··· Records for the exercise

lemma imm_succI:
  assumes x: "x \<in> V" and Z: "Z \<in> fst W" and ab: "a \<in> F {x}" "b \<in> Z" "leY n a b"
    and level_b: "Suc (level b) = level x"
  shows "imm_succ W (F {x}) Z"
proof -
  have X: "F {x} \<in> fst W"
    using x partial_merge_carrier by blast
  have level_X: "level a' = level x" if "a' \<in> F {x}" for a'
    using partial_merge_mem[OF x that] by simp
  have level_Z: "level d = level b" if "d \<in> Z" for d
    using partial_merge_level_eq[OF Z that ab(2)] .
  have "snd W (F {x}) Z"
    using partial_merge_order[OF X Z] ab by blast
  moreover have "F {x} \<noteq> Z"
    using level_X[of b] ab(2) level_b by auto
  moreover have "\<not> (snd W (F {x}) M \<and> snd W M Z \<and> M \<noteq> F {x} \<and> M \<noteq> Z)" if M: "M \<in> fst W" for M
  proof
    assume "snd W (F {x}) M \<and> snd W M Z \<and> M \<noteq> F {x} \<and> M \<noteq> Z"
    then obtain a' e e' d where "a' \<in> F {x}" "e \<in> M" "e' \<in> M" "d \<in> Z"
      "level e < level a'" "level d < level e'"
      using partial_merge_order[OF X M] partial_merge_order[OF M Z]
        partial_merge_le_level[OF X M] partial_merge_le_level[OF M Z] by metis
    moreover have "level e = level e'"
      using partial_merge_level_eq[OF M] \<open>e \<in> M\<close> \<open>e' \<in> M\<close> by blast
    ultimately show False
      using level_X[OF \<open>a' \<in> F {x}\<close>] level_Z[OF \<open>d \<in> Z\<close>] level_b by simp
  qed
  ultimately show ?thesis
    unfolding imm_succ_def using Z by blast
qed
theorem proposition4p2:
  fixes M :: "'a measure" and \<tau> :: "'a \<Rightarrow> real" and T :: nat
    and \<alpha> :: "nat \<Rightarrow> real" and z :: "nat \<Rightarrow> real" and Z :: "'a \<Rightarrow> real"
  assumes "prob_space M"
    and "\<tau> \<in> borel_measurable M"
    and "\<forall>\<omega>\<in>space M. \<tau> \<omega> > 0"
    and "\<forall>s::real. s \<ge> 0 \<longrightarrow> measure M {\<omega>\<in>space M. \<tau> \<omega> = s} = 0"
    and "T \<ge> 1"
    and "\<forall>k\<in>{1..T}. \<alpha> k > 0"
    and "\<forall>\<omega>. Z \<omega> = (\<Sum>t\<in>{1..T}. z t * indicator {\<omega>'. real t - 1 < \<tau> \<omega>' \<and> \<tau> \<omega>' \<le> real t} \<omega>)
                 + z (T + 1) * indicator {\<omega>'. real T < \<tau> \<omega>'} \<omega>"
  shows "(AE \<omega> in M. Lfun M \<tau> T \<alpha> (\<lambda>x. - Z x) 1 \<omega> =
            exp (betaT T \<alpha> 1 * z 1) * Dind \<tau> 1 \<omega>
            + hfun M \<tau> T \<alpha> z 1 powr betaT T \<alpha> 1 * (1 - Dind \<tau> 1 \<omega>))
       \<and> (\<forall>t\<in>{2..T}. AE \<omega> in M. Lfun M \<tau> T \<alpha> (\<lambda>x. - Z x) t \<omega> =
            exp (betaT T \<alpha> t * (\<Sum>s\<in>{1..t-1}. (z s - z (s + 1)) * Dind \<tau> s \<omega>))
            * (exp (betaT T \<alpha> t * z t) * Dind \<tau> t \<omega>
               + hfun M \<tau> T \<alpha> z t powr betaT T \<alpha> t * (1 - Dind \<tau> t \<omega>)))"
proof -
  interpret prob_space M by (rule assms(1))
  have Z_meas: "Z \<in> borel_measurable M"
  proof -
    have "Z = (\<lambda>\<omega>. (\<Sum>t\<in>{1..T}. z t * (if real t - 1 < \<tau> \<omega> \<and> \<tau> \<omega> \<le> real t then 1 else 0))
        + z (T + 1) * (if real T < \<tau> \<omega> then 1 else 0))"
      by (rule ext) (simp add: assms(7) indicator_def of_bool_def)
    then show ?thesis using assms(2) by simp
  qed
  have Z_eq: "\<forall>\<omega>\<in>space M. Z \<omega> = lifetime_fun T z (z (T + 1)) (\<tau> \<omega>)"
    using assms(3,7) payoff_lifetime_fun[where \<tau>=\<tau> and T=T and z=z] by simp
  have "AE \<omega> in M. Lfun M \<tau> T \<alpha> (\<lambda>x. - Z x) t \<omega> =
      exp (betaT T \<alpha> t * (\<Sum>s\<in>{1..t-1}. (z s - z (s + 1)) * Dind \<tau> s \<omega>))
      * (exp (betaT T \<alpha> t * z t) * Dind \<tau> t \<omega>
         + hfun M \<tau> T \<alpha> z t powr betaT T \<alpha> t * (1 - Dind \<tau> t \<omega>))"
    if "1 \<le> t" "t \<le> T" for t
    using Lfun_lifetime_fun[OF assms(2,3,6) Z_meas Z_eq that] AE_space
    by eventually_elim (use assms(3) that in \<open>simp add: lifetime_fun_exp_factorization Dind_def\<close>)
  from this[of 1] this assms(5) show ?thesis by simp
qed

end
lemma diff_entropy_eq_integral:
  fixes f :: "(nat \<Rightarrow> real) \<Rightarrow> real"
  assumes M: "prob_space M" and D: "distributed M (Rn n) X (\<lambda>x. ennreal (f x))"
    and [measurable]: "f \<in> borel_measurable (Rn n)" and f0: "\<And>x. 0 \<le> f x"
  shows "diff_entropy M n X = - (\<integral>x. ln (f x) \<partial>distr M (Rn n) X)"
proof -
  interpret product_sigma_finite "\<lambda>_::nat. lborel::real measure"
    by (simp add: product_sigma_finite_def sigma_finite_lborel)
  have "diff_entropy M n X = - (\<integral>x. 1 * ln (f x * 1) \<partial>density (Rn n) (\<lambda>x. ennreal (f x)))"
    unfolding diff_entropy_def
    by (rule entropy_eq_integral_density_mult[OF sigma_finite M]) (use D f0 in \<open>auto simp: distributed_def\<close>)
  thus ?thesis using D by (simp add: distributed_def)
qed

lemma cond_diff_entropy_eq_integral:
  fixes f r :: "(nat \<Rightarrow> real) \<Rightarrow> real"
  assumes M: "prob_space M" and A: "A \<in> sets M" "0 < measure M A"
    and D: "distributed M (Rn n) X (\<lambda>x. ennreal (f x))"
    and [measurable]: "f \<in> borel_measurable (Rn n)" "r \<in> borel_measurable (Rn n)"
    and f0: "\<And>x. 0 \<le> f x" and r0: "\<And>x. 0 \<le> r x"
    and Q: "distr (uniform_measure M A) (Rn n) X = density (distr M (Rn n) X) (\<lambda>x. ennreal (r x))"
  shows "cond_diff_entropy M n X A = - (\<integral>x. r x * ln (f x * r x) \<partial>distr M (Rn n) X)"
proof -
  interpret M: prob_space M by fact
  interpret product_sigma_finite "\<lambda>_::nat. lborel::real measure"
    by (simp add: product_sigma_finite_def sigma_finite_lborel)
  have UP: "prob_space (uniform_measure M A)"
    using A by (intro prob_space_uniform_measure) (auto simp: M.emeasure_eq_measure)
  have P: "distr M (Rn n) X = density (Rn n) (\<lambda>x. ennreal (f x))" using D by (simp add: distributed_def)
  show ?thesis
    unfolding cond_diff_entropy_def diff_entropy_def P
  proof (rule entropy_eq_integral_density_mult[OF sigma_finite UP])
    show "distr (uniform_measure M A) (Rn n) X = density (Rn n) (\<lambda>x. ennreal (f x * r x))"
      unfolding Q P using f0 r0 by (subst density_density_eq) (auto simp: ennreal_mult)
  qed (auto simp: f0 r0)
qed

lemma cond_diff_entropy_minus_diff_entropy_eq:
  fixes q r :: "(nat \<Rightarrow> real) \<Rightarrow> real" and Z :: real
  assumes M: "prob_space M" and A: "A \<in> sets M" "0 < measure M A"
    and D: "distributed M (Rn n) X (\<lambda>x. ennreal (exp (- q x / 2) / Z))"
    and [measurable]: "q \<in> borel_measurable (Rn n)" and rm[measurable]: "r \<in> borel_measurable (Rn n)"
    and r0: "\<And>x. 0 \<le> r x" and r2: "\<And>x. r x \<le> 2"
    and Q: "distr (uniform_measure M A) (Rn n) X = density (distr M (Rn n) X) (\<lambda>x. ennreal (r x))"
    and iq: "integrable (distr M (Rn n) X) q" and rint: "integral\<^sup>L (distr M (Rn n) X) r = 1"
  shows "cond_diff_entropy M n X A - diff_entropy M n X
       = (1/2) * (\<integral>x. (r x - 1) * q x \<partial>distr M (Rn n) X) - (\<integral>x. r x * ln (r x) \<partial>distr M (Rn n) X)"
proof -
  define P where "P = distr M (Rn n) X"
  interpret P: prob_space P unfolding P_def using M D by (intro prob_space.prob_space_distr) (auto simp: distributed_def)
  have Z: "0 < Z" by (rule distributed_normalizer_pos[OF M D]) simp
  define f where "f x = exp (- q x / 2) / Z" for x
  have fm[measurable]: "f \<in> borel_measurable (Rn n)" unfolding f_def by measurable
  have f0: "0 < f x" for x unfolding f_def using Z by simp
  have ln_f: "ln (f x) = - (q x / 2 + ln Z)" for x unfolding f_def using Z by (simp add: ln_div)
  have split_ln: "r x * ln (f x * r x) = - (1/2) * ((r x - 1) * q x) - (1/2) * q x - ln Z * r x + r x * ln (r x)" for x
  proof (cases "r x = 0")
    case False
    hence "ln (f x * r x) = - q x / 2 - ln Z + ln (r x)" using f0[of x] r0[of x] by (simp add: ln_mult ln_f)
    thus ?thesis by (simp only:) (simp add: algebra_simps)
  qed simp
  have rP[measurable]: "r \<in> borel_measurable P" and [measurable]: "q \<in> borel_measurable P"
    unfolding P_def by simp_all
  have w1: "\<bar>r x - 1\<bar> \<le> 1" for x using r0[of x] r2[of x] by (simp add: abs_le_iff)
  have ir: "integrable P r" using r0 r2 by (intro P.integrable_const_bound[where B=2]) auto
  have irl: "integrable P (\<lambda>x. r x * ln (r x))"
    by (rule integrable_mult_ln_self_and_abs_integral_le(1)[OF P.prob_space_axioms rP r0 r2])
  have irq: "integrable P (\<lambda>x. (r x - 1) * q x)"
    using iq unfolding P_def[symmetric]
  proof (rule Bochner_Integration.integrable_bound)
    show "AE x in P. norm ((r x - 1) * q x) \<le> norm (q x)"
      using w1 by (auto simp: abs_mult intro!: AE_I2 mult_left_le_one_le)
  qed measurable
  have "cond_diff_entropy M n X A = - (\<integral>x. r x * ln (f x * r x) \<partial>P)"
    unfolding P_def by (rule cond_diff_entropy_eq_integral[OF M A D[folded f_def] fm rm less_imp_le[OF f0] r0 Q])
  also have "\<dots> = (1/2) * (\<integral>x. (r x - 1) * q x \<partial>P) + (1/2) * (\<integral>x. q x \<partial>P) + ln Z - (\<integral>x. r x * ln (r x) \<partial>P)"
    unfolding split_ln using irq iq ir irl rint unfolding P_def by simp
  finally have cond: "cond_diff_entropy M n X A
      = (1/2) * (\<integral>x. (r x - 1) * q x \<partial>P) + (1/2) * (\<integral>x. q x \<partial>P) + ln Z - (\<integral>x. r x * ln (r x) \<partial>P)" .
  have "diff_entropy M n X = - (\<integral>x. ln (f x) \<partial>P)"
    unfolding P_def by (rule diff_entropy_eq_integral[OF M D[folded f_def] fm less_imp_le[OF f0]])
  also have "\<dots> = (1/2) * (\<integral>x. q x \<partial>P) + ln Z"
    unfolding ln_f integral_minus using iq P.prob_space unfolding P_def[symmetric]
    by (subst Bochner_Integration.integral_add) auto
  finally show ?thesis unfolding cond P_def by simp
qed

······
··· Records for the exercise

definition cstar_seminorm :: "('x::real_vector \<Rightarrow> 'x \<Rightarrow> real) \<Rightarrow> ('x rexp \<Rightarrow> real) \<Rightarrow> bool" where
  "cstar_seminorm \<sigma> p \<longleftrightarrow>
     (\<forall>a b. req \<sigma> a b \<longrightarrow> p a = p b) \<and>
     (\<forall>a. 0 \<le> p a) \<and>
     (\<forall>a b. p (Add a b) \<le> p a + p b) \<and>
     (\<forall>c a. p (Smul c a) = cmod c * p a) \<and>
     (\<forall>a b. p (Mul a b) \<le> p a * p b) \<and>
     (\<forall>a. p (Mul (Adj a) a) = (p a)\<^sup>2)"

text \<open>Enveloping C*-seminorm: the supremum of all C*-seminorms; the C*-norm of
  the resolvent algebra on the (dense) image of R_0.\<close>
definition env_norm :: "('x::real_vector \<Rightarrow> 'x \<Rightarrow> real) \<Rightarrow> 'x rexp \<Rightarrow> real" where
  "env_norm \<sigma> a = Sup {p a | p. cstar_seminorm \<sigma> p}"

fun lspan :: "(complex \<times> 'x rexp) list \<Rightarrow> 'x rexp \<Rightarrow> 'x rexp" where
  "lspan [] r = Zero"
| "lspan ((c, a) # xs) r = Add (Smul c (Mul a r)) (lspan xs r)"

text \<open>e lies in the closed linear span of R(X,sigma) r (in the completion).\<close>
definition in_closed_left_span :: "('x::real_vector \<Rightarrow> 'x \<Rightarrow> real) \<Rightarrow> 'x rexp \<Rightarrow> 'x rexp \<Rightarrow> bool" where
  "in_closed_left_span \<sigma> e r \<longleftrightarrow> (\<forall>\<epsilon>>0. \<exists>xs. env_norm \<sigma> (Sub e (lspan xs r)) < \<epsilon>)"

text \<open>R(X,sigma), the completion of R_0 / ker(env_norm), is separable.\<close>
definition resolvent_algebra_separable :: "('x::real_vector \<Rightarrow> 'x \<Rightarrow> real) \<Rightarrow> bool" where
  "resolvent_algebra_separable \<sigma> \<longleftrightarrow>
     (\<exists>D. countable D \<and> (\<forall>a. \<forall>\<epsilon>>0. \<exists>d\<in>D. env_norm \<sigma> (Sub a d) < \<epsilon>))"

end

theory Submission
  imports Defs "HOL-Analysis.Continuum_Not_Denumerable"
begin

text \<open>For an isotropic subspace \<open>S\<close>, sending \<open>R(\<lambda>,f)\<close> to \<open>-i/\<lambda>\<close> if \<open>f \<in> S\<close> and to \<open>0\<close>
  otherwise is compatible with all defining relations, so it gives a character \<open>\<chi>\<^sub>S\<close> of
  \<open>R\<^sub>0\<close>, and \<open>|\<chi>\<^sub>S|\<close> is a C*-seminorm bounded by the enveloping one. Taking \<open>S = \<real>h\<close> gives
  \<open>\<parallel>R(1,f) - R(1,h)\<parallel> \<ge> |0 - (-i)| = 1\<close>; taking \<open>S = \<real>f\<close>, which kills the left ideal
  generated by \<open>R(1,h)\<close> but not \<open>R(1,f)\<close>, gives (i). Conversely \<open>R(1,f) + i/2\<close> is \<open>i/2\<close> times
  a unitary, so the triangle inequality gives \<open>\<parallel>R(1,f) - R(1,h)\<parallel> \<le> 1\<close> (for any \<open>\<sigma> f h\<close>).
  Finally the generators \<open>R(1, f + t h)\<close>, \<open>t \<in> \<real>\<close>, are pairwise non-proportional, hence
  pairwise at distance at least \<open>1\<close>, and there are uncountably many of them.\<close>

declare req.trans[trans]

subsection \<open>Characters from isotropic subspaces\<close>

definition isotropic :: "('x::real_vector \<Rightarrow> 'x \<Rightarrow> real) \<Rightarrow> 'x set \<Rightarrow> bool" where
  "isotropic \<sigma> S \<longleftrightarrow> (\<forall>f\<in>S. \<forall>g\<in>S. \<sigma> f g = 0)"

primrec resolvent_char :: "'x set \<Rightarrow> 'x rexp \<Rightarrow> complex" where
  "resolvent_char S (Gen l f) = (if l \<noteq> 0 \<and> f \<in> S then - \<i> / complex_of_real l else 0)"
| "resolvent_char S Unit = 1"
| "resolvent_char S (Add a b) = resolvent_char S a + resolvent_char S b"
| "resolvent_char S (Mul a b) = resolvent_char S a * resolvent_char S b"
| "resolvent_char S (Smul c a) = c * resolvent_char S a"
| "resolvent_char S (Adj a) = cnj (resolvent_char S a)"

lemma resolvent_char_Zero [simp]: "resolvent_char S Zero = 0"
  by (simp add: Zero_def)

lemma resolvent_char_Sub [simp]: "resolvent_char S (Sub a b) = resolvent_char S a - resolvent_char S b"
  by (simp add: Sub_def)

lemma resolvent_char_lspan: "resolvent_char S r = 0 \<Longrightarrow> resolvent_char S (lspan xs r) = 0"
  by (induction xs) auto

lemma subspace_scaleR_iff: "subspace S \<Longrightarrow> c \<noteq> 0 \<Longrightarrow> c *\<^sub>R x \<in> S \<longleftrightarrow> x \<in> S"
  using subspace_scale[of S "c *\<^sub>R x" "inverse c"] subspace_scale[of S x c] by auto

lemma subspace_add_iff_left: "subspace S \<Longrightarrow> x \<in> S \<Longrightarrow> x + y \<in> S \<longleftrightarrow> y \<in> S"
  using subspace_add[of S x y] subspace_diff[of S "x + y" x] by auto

······

- Try it -
Where a line of the records has the string "Smul", copy that line.

- Task result -
     (\<forall>c a. p (Smul c a) = cmod c * p a) \<and>
| "lspan ((c, a) # xs) r = Add (Smul c (Mul a r)) (lspan xs r)"
| "resolvent_char S (Smul c a) = c * resolvent_char S a"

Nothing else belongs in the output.